═══ Supplied material

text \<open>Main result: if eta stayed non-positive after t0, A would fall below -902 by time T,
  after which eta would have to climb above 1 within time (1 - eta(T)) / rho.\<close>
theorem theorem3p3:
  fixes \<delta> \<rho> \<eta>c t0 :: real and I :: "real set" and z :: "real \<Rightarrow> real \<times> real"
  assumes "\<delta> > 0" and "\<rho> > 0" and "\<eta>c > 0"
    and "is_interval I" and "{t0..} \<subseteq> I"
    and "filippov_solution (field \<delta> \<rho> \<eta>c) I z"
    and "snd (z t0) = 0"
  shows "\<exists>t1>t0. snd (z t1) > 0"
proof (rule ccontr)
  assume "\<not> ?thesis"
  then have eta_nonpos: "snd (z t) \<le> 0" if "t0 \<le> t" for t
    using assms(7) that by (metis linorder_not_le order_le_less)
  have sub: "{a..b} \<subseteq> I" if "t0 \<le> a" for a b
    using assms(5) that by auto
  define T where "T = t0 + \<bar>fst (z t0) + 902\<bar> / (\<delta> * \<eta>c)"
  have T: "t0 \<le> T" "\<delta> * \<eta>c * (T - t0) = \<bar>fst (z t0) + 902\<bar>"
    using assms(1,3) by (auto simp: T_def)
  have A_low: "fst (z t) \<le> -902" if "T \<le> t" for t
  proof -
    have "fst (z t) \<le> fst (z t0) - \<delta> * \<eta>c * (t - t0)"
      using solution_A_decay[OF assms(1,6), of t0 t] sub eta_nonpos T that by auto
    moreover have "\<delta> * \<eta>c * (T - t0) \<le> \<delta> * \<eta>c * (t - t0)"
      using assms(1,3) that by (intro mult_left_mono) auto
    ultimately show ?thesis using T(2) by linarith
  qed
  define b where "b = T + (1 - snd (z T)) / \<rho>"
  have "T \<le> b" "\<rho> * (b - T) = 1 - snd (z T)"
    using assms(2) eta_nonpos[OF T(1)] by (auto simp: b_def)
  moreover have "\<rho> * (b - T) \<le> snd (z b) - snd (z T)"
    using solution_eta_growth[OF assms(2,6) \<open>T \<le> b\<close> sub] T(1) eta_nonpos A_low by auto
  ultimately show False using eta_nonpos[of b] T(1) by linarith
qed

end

══════

The task>
Exactly and only the lines from the one containing "ultimately show ?thesis" to the end of the entries above are to be written out.

Exercise output>
    ultimately show ?thesis using T(2) by linarith
  qed
  define b where "b = T + (1 - snd (z T)) / \<rho>"
  have "T \<le> b" "\<rho> * (b - T) = 1 - snd (z T)"
    using assms(2) eta_nonpos[OF T(1)] by (auto simp: b_def)
  moreover have "\<rho> * (b - T) \<le> snd (z b) - snd (z T)"
    using solution_eta_growth[OF assms(2,6) \<open>T \<le> b\<close> sub] T(1) eta_nonpos A_low by auto
  ultimately show False using eta_nonpos[of b] T(1) by linarith
qed

end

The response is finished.